The potential for systemic risk was demonstrated by the 2017 global NotPetya cyberattack which, despite targeting Ukraine, cost Maersk $1.4 billion in losses.
Steps to protect the finance sector against quantum attacks
Following a multi-year project to identify and vet a handful of new encryption algorithms that can help protect federal computers and systems from hacking threats powered by quantum computing, the National Institute for Standards and Technology last year announced four new algorithms that will underpin its future cryptography standards by 2024.
The Post-Quantum Cryptography (PQC) standards include one algorithm for general encryption purposes (CRYSTALS-Kyber) and another three for digital signatures and identity verification (CRYSTALS-Dilithium, Falcon and Sphincs+).

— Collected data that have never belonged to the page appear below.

lemma second_moment_ge_axis_quotients:
  fixes x0 :: "real^'n" and \<gamma> :: "real^'n \<Rightarrow> real" and \<beta> :: "'n \<Rightarrow> real"
  assumes "\<sigma> > 0" and "t \<noteq> 0" and "card K \<le> S"
    and [measurable]: "g \<in> borel_measurable lborel"
    and "integrable (gauss_meas \<sigma> x0) (\<lambda>y. (g y)\<^sup>2)"
    and mean: "\<And>x. x \<in> sparse_set S \<Longrightarrow>
      integrable (gauss_meas \<sigma> x) g \<and> (\<integral>y. g y \<partial>gauss_meas \<sigma> x) = \<gamma> x"
  shows "exp (- (norm (restr x0 (UNIV - K)))\<^sup>2 / \<sigma>\<^sup>2) *
      (2 * ((\<gamma> (restr x0 K))\<^sup>2
            + (\<Sum>i\<in>K. \<beta> i * ((\<gamma> (restr x0 K + t *\<^sub>R axis i 1) - \<gamma> (restr x0 K)) / t)))
       - ((\<gamma> (restr x0 K))\<^sup>2 + (\<Sum>i\<in>K. (\<beta> i)\<^sup>2 * ((exp (t\<^sup>2 / \<sigma>\<^sup>2) - 1) / t\<^sup>2))))
    \<le> (\<integral>y. (g y)\<^sup>2 \<partial>gauss_meas \<sigma> x0)"
proof -
  define x0K where "x0K = restr x0 K"
  define r where "r = restr x0 (UNIV - K)"
  define E where "E = exp ((norm r)\<^sup>2 / \<sigma>\<^sup>2)"
  define q where "q = exp (t\<^sup>2 / \<sigma>\<^sup>2) - 1"
  text \<open>Index None stands for the test point x0^K and Some i for x0^K + t e_i; the weights a
    turn the linear term of the Barankin inequality into difference quotients of gamma.\<close>
  define J where "J = insert None (Some ` K)"
  define e where "e j = (case j of None \<Rightarrow> 0 | Some (i::'n) \<Rightarrow> t *\<^sub>R axis i (1::real))" for j
  define a where "a j = (case j of None \<Rightarrow> \<gamma> x0K - (\<Sum>i\<in>K. \<beta> i / t) | Some i \<Rightarrow> \<beta> i / t)" for j
  have "finite J" and "Some ` K \<subseteq> J" unfolding J_def by auto
  have test_point_sparse: "x0K + e j \<in> sparse_set S" if "j \<in> J" for j
    using that \<open>card K \<le> S\<close>
    by (intro sparse_setI) (auto simp: J_def e_def x0K_def restr_def axis_def split: if_splits)
  have gram: "exp (((x0K + e j - x0) \<bullet> (x0K + e l - x0)) / \<sigma>\<^sup>2)
      = E * (1 + (if j = l \<and> j \<in> Some ` K then q else 0))" if "j \<in> J" "l \<in> J" for j l
  proof -
    have shift: "x0K + e j - x0 = e j - r" for j
      unfolding x0K_def r_def by (simp add: vec_eq_iff restr_def)
    have "e j \<bullet> r = 0" if "j \<in> J" for j
      using that by (auto simp: J_def e_def r_def restr_def inner_axis')
    moreover have "e j \<bullet> e l = (if j = l \<and> j \<in> Some ` K then t\<^sup>2 else 0)"
      using that by (auto simp: J_def e_def inner_axis_axis power2_eq_square split: if_splits)
    ultimately have "(x0K + e j - x0) \<bullet> (x0K + e l - x0)
        = (norm r)\<^sup>2 + (if j = l \<and> j \<in> Some ` K then t\<^sup>2 else 0)"
      using that unfolding shift
      by (simp add: inner_diff_left inner_diff_right inner_commute power2_norm_eq_inner)
    then show ?thesis
      unfolding E_def q_def
      by (cases "j = l \<and> j \<in> Some ` K") (auto simp: add_divide_distrib exp_add)
  qed
  have linear: "(\<Sum>j\<in>J. a j * (\<integral>y. g y \<partial>gauss_meas \<sigma> (x0K + e j)))
      = (\<gamma> x0K)\<^sup>2 + (\<Sum>i\<in>K. \<beta> i * ((\<gamma> (x0K + t *\<^sub>R axis i 1) - \<gamma> x0K) / t))"
  proof -
    have "(\<Sum>j\<in>J. a j * (\<integral>y. g y \<partial>gauss_meas \<sigma> (x0K + e j))) = (\<Sum>j\<in>J. a j * \<gamma> (x0K + e j))"
      using mean[OF test_point_sparse] by simp
    also have "\<dots> = a None * \<gamma> x0K + (\<Sum>i\<in>K. \<beta> i / t * \<gamma> (x0K + t *\<^sub>R axis i 1))"
      by (simp add: J_def sum.reindex a_def e_def)
    finally show ?thesis
      by (simp add: a_def power2_eq_square algebra_simps diff_divide_distrib sum_subtractf
          sum_distrib_left sum_distrib_right)
  qed
  have quadratic: "(\<Sum>j\<in>J. \<Sum>l\<in>J. a j * a l * exp (((x0K + e j - x0) \<bullet> (x0K + e l - x0)) / \<sigma>\<^sup>2))
      = E * ((\<gamma> x0K)\<^sup>2 + (\<Sum>i\<in>K. (\<beta> i)\<^sup>2 * (q / t\<^sup>2)))"
  proof -
    have "(\<Sum>j\<in>J. \<Sum>l\<in>J. a j * a l * exp (((x0K + e j - x0) \<bullet> (x0K + e l - x0)) / \<sigma>\<^sup>2))
        = E * (\<Sum>j\<in>J. \<Sum>l\<in>J. a j * a l * (1 + (if j = l \<and> j \<in> Some ` K then q else 0)))"
      by (simp add: gram sum_distrib_left mult.left_commute)
    also have "\<dots> = E * ((\<Sum>j\<in>J. a j)\<^sup>2 + q * (\<Sum>j\<in>Some ` K. (a j)\<^sup>2))"
      using \<open>finite J\<close> \<open>Some ` K \<subseteq> J\<close> by (simp add: double_sum_rank_one_plus_diagonal)
    also have "(\<Sum>j\<in>J. a j) = \<gamma> x0K"
      by (simp add: J_def sum.reindex a_def)
    also have "(\<Sum>j\<in>Some ` K. (a j)\<^sup>2) = (\<Sum>i\<in>K. (\<beta> i / t)\<^sup>2)"
      by (simp add: sum.reindex a_def)
    finally show ?thesis
      by (simp add: power_divide sum_distrib_left sum_divide_distrib field_simps)
  qed
  have "E > 0" unfolding E_def by simp
  have "2 * (1 / E) * (\<Sum>j\<in>J. a j * (\<integral>y. g y \<partial>gauss_meas \<sigma> (x0K + e j)))
      - (1 / E)\<^sup>2 * (\<Sum>j\<in>J. \<Sum>l\<in>J. a j * a l * exp (((x0K + e j - x0) \<bullet> (x0K + e l - x0)) / \<sigma>\<^sup>2))
    \<le> (\<integral>y. (g y)\<^sup>2 \<partial>gauss_meas \<sigma> x0)" (is "?barankin")
    using mean[OF test_point_sparse]
    by (intro barankin_inequality[OF assms(1) \<open>finite J\<close> assms(4,5)]) auto
  have scale: "1 / E * (2 * N - D) = 2 * (1 / E) * N - (1 / E)\<^sup>2 * (E * D)" for N D
    using \<open>E > 0\<close> by (simp add: power2_eq_square field_simps)
  have weight: "exp (- (norm r)\<^sup>2 / \<sigma>\<^sup>2) = 1 / E"
    unfolding E_def by (simp add: exp_minus inverse_eq_divide)
  show ?thesis
    unfolding x0K_def[symmetric] r_def[symmetric] q_def[symmetric] weight scale
    using \<open>?barankin\<close> unfolding linear quadratic .
qed

lemma second_moment_ge_axis_derivatives:
  fixes x0 :: "real^'n" and \<gamma> :: "real^'n \<Rightarrow> real" and \<gamma>' :: "'n \<Rightarrow> real"
  assumes "\<sigma> > 0" and "card K \<le> S"
    and [measurable]: "g \<in> borel_measurable lborel"
    and "integrable (gauss_meas \<sigma> x0) (\<lambda>y. (g y)\<^sup>2)"
    and "\<And>x. x \<in> sparse_set S \<Longrightarrow>
      integrable (gauss_meas \<sigma> x) g \<and> (\<integral>y. g y \<partial>gauss_meas \<sigma> x) = \<gamma> x"
    and partial_derivative: "\<And>i. i \<in> K \<Longrightarrow>
      ((\<lambda>t. \<gamma> (restr x0 K + t *\<^sub>R axis i 1)) has_real_derivative \<gamma>' i) (at 0)"
  shows "exp (- (norm (restr x0 (UNIV - K)))\<^sup>2 / \<sigma>\<^sup>2) * (\<sigma>\<^sup>2 * (\<Sum>i\<in>K. (\<gamma>' i)\<^sup>2) + (\<gamma> (restr x0 K))\<^sup>2)
    \<le> (\<integral>y. (g y)\<^sup>2 \<partial>gauss_meas \<sigma> x0)"
proof -
  let ?x = "restr x0 K" and ?w = "exp (- (norm (restr x0 (UNIV - K)))\<^sup>2 / \<sigma>\<^sup>2)"
  define \<beta> where "\<beta> i = \<sigma>\<^sup>2 * \<gamma>' i" for i
  let ?bound = "\<lambda>t. ?w * (2 * ((\<gamma> ?x)\<^sup>2 + (\<Sum>i\<in>K. \<beta> i * ((\<gamma> (?x + t *\<^sub>R axis i 1) - \<gamma> ?x) / t)))
    - ((\<gamma> ?x)\<^sup>2 + (\<Sum>i\<in>K. (\<beta> i)\<^sup>2 * ((exp (t\<^sup>2 / \<sigma>\<^sup>2) - 1) / t\<^sup>2))))"
  let ?limit = "?w * (2 * ((\<gamma> ?x)\<^sup>2 + (\<Sum>i\<in>K. \<beta> i * \<gamma>' i))
    - ((\<gamma> ?x)\<^sup>2 + (\<Sum>i\<in>K. (\<beta> i)\<^sup>2 * inverse (\<sigma>\<^sup>2))))"
  have quotient: "((\<lambda>t. (\<gamma> (?x + t *\<^sub>R axis i 1) - \<gamma> ?x) / t) \<longlongrightarrow> \<gamma>' i) (at 0)" if "i \<in> K" for i
    using partial_derivative[OF that] by (simp add: has_field_derivative_iff)
  have "((\<lambda>t. (exp (t\<^sup>2 / \<sigma>\<^sup>2) - 1) / t\<^sup>2) \<longlongrightarrow> inverse (\<sigma>\<^sup>2)) (at 0)"
    using \<open>\<sigma> > 0\<close> by real_asymp
  then have "(?bound \<longlongrightarrow> ?limit) (at 0)"
    by (intro tendsto_intros quotient)
  moreover have "\<forall>\<^sub>F t in at 0. ?bound t \<le> (\<integral>y. (g y)\<^sup>2 \<partial>gauss_meas \<sigma> x0)"
    using eventually_neq_at_within[of 0 0 UNIV]
    by eventually_elim (rule second_moment_ge_axis_quotients[OF assms(1) _ assms(2-5)])
  ultimately have "?limit \<le> (\<integral>y. (g y)\<^sup>2 \<partial>gauss_meas \<sigma> x0)"
    by (intro tendsto_le[OF _ tendsto_const]) auto
  moreover have "(\<Sum>i\<in>K. \<beta> i * \<gamma>' i) = \<sigma>\<^sup>2 * (\<Sum>i\<in>K. (\<gamma>' i)\<^sup>2)"
    by (simp add: \<beta>_def sum_distrib_left power2_eq_square mult.assoc)
  moreover have "(\<Sum>i\<in>K. (\<beta> i)\<^sup>2 * inverse (\<sigma>\<^sup>2)) = \<sigma>\<^sup>2 * (\<Sum>i\<in>K. (\<gamma>' i)\<^sup>2)"
    using \<open>\<sigma> > 0\<close> by (simp add: \<beta>_def sum_distrib_left power2_eq_square field_simps)
  ultimately show ?thesis
    by (simp add: algebra_simps)
qed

The Hudson Institute report recommends the Fedwire protect itself from future quantum computer threats adopting the NIST PQC standards and replacing legacy encryption systems. It also recommends Congress set a deadline for all 12 Federal Reserve banks to be quantum-secure.
“If you were having a dispute with the United States in other ways and you wanted to make it more complicated, why not take down the financial system as a distraction?,” said Alex Pollock, a former deputy director of the Treasury Department’s Office of Financial Research in response to the report.
“If you were having a dispute with the United States in other ways and you wanted to make it more complicated, why not take down the financial system as a distraction?”
John Prisco, CEO of Quantum Safe, said urged a multi-pronged strategy to thwart a quantum attack rather than relying on one encryption technology. “Imagine if China had already figured out how to break into CRYSTALS-Kyber. That would be a disaster, but would they tell us? I don’t think so,” he said.